[Instructions to follow]
Set out exactly every line of the entries below, starting at the line that holds "- 2 * inner" and stopping after the line that holds "c \<epsilon> :: real".
·····
lemma reach_weight_Suc_le:
  fixes A :: "real^'n::finite^'n"
  assumes A: "row_stochastic A" and AE: "\<And>i j. (j, i) \<in> E \<Longrightarrow> \<alpha> \<le> A $ i $ j" and "0 \<le> \<alpha>"
  shows "reach_weight E c \<alpha> (Suc m) i \<le> (\<Sum>j\<in>UNIV. A $ i $ j * reach_weight E c \<alpha> m j)"
proof (cases "(c, i) \<in> E ^^ Suc m")
  case True
  then obtain j where j: "(c, j) \<in> E ^^ m" "(j, i) \<in> E" by (rule relpow_Suc_E)
  have "reach_weight E c \<alpha> (Suc m) i = \<alpha> * \<alpha> ^ m" using True by (simp add: reach_weight_def)
  also have "\<dots> \<le> A $ i $ j * reach_weight E c \<alpha> m j"
    using j AE \<open>0 \<le> \<alpha>\<close> by (simp add: reach_weight_def mult_right_mono)
  also have "\<dots> \<le> (\<Sum>j\<in>UNIV. A $ i $ j * reach_weight E c \<alpha> m j)"
    using A \<open>0 \<le> \<alpha>\<close> by (intro member_le_sum) (auto simp: row_stochastic_def reach_weight_nonneg)
  finally show ?thesis .
next
  case False
  then show ?thesis
    using A \<open>0 \<le> \<alpha>\<close> by (auto simp: reach_weight_def row_stochastic_def intro!: sum_nonneg)
qed

lemma gap_contraction:
  fixes \<delta> :: "nat \<Rightarrow> 'n::finite \<Rightarrow> 'n \<Rightarrow> real" and A :: "nat \<Rightarrow> real^'n^'n"
  assumes step: "\<And>t i k. \<delta> (Suc t) i k \<le> (\<Sum>j\<in>UNIV. \<Sum>l\<in>UNIV. A t $ i $ j * A t $ k $ l * \<delta> t j l)"
    and A: "\<And>t. row_stochastic (A t)"
    and AE: "\<And>t i j. (j, i) \<in> E \<Longrightarrow> \<alpha> \<le> A t $ i $ j" and "0 \<le> \<alpha>"
    and diag: "\<And>t j. \<delta> t j j = 0"
    and D: "\<And>j l. \<delta> t j l \<le> D"
  shows "\<delta> (t + m) i k \<le> D * (1 - reach_weight E c \<alpha> m i * reach_weight E c \<alpha> m k)"
proof (induction m arbitrary: i k)
  case 0
  have "0 \<le> D" using D[of c c] diag[of t c] by simp
  then show ?case using D[of i k] diag[of t c] by (auto simp: reach_weight_def)
next
  case (Suc m)
  let ?a = "A (t + m)" and ?g = "reach_weight E c \<alpha> m"
  define G where "G i = (\<Sum>j\<in>UNIV. ?a $ i $ j * ?g j)" for i
  have "0 \<le> D" using D[of c c] diag[of t c] by simp
  have "\<delta> (t + Suc m) i k \<le> (\<Sum>j\<in>UNIV. \<Sum>l\<in>UNIV. ?a $ i $ j * ?a $ k $ l * \<delta> (t + m) j l)"
    using step[of "t + m" i k] by simp
  also have "\<dots> \<le> (\<Sum>j\<in>UNIV. \<Sum>l\<in>UNIV. ?a $ i $ j * ?a $ k $ l * (D * (1 - ?g j * ?g l)))"
    using A[of "t + m"] Suc.IH
    by (intro sum_mono mult_left_mono) (auto simp: row_stochastic_def)
  also have "\<dots> = D * (\<Sum>j\<in>UNIV. \<Sum>l\<in>UNIV. ?a $ i $ j * ?a $ k $ l)
      - D * (\<Sum>j\<in>UNIV. \<Sum>l\<in>UNIV. (?a $ i $ j * ?g j) * (?a $ k $ l * ?g l))"
    by (simp add: sum_distrib_left sum_subtractf algebra_simps)
  also have "\<dots> = D * (1 - G i * G k)"
  proof -
    have "(\<Sum>j\<in>UNIV. \<Sum>l\<in>UNIV. ?a $ i $ j * ?a $ k $ l) = 1"
      using A[of "t + m"] by (simp add: sum_product[symmetric] row_stochastic_def)
    moreover have "G i * G k = (\<Sum>j\<in>UNIV. \<Sum>l\<in>UNIV. (?a $ i $ j * ?g j) * (?a $ k $ l * ?g l))"
      unfolding G_def by (rule sum_product)
    ultimately show ?thesis by (simp add: right_diff_distrib)
  qed
  also have "\<dots> \<le> D * (1 - reach_weight E c \<alpha> (Suc m) i * reach_weight E c \<alpha> (Suc m) k)"
  proof -
    have "reach_weight E c \<alpha> (Suc m) j \<le> G j" for j
      unfolding G_def by (rule reach_weight_Suc_le) (use A AE \<open>0 \<le> \<alpha>\<close> in auto)
    moreover have "0 \<le> G j" for j
      using A[of "t + m"] \<open>0 \<le> \<alpha>\<close>
      unfolding G_def by (auto simp: row_stochastic_def reach_weight_nonneg intro!: sum_nonneg)
    ultimately show ?thesis
      using \<open>0 \<le> D\<close> \<open>0 \<le> \<alpha>\<close> by (intro mult_left_mono diff_left_mono mult_mono) (auto simp: reach_weight_nonneg)
  qed
  finally show ?case by simp
qed

lemma gap_geometric_decay:
  fixes \<delta> :: "nat \<Rightarrow> 'n::finite \<Rightarrow> 'n \<Rightarrow> real" and A :: "nat \<Rightarrow> real^'n^'n"
  assumes step: "\<And>t i k. \<delta> (Suc t) i k \<le> (\<Sum>j\<in>UNIV. \<Sum>l\<in>UNIV. A t $ i $ j * A t $ k $ l * \<delta> t j l)"
    and A: "\<And>t. row_stochastic (A t)"
    and AE: "\<And>t i j. (j, i) \<in> E \<Longrightarrow> \<alpha> \<le> A t $ i $ j" and "0 \<le> \<alpha>"
    and diag: "\<And>t j. \<delta> t j j = 0"
    and init: "\<And>j l. \<delta> 0 j l \<le> 1"
    and center: "\<And>v. (c, v) \<in> E ^^ r"
  shows "\<delta> (n * r + s) i k \<le> (1 - \<alpha> ^ (2 * r)) ^ n"
proof -
  have contraction: "\<delta> (t + m) i k \<le> D * (1 - reach_weight E c \<alpha> m i * reach_weight E c \<alpha> m k)"
    if "\<And>j l. \<delta> t j l \<le> D" for t m i k D
    by (rule gap_contraction) (use step A AE \<open>0 \<le> \<alpha>\<close> diag that in auto)
  have block: "\<delta> (n * r) j l \<le> (1 - \<alpha> ^ (2 * r)) ^ n" for j l
  proof (induction n arbitrary: j l)
    case 0
    then show ?case using init by simp
  next
    case (Suc n)
    have "\<delta> (n * r + r) j l \<le> (1 - \<alpha> ^ (2 * r)) ^ n * (1 - reach_weight E c \<alpha> r j * reach_weight E c \<alpha> r l)"
      by (rule contraction) (rule Suc.IH)
    moreover have "reach_weight E c \<alpha> r j * reach_weight E c \<alpha> r l = \<alpha> ^ (2 * r)"
      using center by (simp add: reach_weight_def power_add[symmetric] mult_2)
    ultimately show ?case by (simp add: add.commute mult.commute)
  qed
  have "0 \<le> (1 - \<alpha> ^ (2 * r)) ^ n" using block[of c c] diag by simp
  have "\<delta> (n * r + s) i k
      \<le> (1 - \<alpha> ^ (2 * r)) ^ n * (1 - reach_weight E c \<alpha> s i * reach_weight E c \<alpha> s k)"
    by (rule contraction[OF block])
  also have "\<dots> \<le> (1 - \<alpha> ^ (2 * r)) ^ n"
    using \<open>0 \<le> (1 - \<alpha> ^ (2 * r)) ^ n\<close> \<open>0 \<le> \<alpha>\<close>
    by (intro mult_left_le) (auto simp: reach_weight_nonneg)
  finally show ?thesis .
qed

section \<open>Convergence rate\<close>

lemma mu_le_sqrt_gap:
  fixes X :: "real^'d::finite^'n::finite"
  assumes unit: "\<And>i. norm (X $ i) = 1" and gap: "\<And>i j. 1 - inner (X $ i) (X $ j) \<le> e"
  shows "mu X \<le> sqrt (2 * real CARD('n) * e)"
proof -
  define m where "m = (1 / real CARD('n)) *\<^sub>R (\<Sum>j\<in>UNIV. X $ j)"
  have dist: "norm (X $ i - X $ j) \<le> sqrt (2 * e)" for i j
  proof -
    have "inner (X $ i) (X $ i) = 1" "inner (X $ j) (X $ j) = 1"
      using unit[of i] unit[of j] by (simp_all add: dot_square_norm)
    then have "norm (X $ i - X $ j) ^ 2 = 2 - 2 * inner (X $ i) (X $ j)"
      by (simp add: power2_norm_eq_inner inner_diff_left inner_diff_right inner_commute)
    also have "\<dots> \<le> 2 * e" using gap[of i j] by simp
    finally show ?thesis by (simp add: real_le_rsqrt)
  qed
  have row: "norm (X $ i - m) \<le> sqrt (2 * e)" for i
  proof -
    have "X $ i - m = (1 / real CARD('n)) *\<^sub>R (\<Sum>j\<in>UNIV. X $ i - X $ j)"
      by (simp add: m_def sum_subtractf scaleR_diff_right sum_constant_scaleR del: sum_constant)
    then have "norm (X $ i - m) = (1 / real CARD('n)) * norm (\<Sum>j\<in>UNIV. X $ i - X $ j)"
      by simp
    also have "\<dots> \<le> (1 / real CARD('n)) * (\<Sum>j\<in>UNIV. norm (X $ i - X $ j))"
      by (intro mult_left_mono norm_sum) simp
    also have "\<dots> \<le> (1 / real CARD('n)) * (\<Sum>j\<in>(UNIV::'n set). sqrt (2 * e))"
      by (intro mult_left_mono sum_mono dist) simp
    also have "\<dots> = sqrt (2 * e)" by simp
    finally show ?thesis .
  qed
  have "0 \<le> e" using gap[of undefined undefined] unit[of undefined] by (simp add: dot_square_norm)
  have "mu X = sqrt (\<Sum>i\<in>UNIV. (norm (X $ i - m))\<^sup>2)"
    by (simp add: mu_def norm_vec_def L2_set_def m_def)
  also have "\<dots> \<le> sqrt (\<Sum>i\<in>(UNIV::'n set). 2 * e)"
  proof (intro real_sqrt_le_mono sum_mono)
    fix i
    have "(norm (X $ i - m))\<^sup>2 \<le> (sqrt (2 * e))\<^sup>2" by (intro power_mono row) simp
    then show "(norm (X $ i - m))\<^sup>2 \<le> 2 * e" using \<open>0 \<le> e\<close> by simp
  qed
  also have "\<dots> = sqrt (2 * real CARD('n) * e)" by simp
  finally show ?thesis .
qed

lemma block_decay_powr_rate:
  fixes f :: "nat \<Rightarrow> real" and c \<epsilon> :: real
  assumes decay: "\<And>n s. f (n * r + s) \<le> sqrt (c * (1 - \<epsilon> ^ (2 * r)) ^ n)"
    and "0 < c" and "0 < \<epsilon>" and "\<epsilon> < 1"
  shows "\<exists>C>0. \<forall>t. f t \<le> C * (1 - \<epsilon> ^ (2 * r)) powr (real t / real (2 * r))"
proof (cases "r = 0")
  case True
  then have "f t \<le> 0" for t using decay[of 1 t] by simp
  then show ?thesis using True by (intro exI[of _ 1]) simp
next
  case False
  define \<rho> where "\<rho> = 1 - \<epsilon> ^ (2 * r)"
  have "0 < \<rho>" "\<rho> \<le> 1"
    using \<open>0 < \<epsilon>\<close> \<open>\<epsilon> < 1\<close> False by (simp_all add: \<rho>_def power_less_one_iff)
  have "f t \<le> sqrt (c / \<rho>) * \<rho> powr (real t / real (2 * r))" for t
  proof -
    define n where "n = t div r"
    define a where "a = real t / real (2 * r)"
    have "t = n * r + t mod r" by (simp add: n_def)
    moreover have "t mod r < r" using False by simp
    ultimately have "t < (n + 1) * r" by (simp add: algebra_simps)
    then have "real t < (real n + 1) * real r" by (metis of_nat_1 of_nat_add of_nat_less_iff of_nat_mult)
    then have "2 * a - 1 \<le> real n"
      using False by (simp add: a_def divide_le_eq algebra_simps)
    then have "\<rho> ^ n \<le> \<rho> powr (2 * a - 1)"
      using \<open>0 < \<rho>\<close> \<open>\<rho> \<le> 1\<close> by (simp add: powr_realpow[symmetric] powr_mono')
    also have "\<dots> = (\<rho> powr a) ^ 2 / \<rho>"
    proof -
      have "(\<rho> powr a) ^ 2 = \<rho> powr (2 * a)"
        by (simp only: power2_eq_square powr_add[symmetric] mult_2)
      then show ?thesis using \<open>0 < \<rho>\<close> by (simp add: powr_diff)
    qed
    finally have "c * \<rho> ^ n \<le> c * ((\<rho> powr a) ^ 2 / \<rho>)"
      using \<open>0 < c\<close> by (intro mult_left_mono) auto
    then have "sqrt (c * \<rho> ^ n) \<le> sqrt (c / \<rho> * (\<rho> powr a) ^ 2)"
      by simp
    also have "\<dots> = sqrt (c / \<rho>) * \<rho> powr a"
      by (simp only: real_sqrt_mult real_sqrt_abs) simp
    finally show ?thesis
      using decay[of n "t mod r"] by (simp add: n_def a_def \<rho>_def)
  qed
  then show ?thesis
    using \<open>0 < c\<close> \<open>0 < \<rho>\<close> by (intro exI[of _ "sqrt (c / \<rho>)"]) (simp add: \<rho>_def)
qed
·····
[Result of the task]
    then have "norm (X $ i - X $ j) ^ 2 = 2 - 2 * inner (X $ i) (X $ j)"
      by (simp add: power2_norm_eq_inner inner_diff_left inner_diff_right inner_commute)
    also have "\<dots> \<le> 2 * e" using gap[of i j] by simp
    finally show ?thesis by (simp add: real_le_rsqrt)
  qed
  have row: "norm (X $ i - m) \<le> sqrt (2 * e)" for i
  proof -
    have "X $ i - m = (1 / real CARD('n)) *\<^sub>R (\<Sum>j\<in>UNIV. X $ i - X $ j)"
      by (simp add: m_def sum_subtractf scaleR_diff_right sum_constant_scaleR del: sum_constant)
    then have "norm (X $ i - m) = (1 / real CARD('n)) * norm (\<Sum>j\<in>UNIV. X $ i - X $ j)"
      by simp
    also have "\<dots> \<le> (1 / real CARD('n)) * (\<Sum>j\<in>UNIV. norm (X $ i - X $ j))"
      by (intro mult_left_mono norm_sum) simp
    also have "\<dots> \<le> (1 / real CARD('n)) * (\<Sum>j\<in>(UNIV::'n set). sqrt (2 * e))"
      by (intro mult_left_mono sum_mono dist) simp
    also have "\<dots> = sqrt (2 * e)" by simp
    finally show ?thesis .
  qed
  have "0 \<le> e" using gap[of undefined undefined] unit[of undefined] by (simp add: dot_square_norm)
  have "mu X = sqrt (\<Sum>i\<in>UNIV. (norm (X $ i - m))\<^sup>2)"
    by (simp add: mu_def norm_vec_def L2_set_def m_def)
  also have "\<dots> \<le> sqrt (\<Sum>i\<in>(UNIV::'n set). 2 * e)"
  proof (intro real_sqrt_le_mono sum_mono)
    fix i
    have "(norm (X $ i - m))\<^sup>2 \<le> (sqrt (2 * e))\<^sup>2" by (intro power_mono row) simp
    then show "(norm (X $ i - m))\<^sup>2 \<le> 2 * e" using \<open>0 \<le> e\<close> by simp
  qed
  also have "\<dots> = sqrt (2 * real CARD('n) * e)" by simp
  finally show ?thesis .
qed

lemma block_decay_powr_rate:
  fixes f :: "nat \<Rightarrow> real" and c \<epsilon> :: real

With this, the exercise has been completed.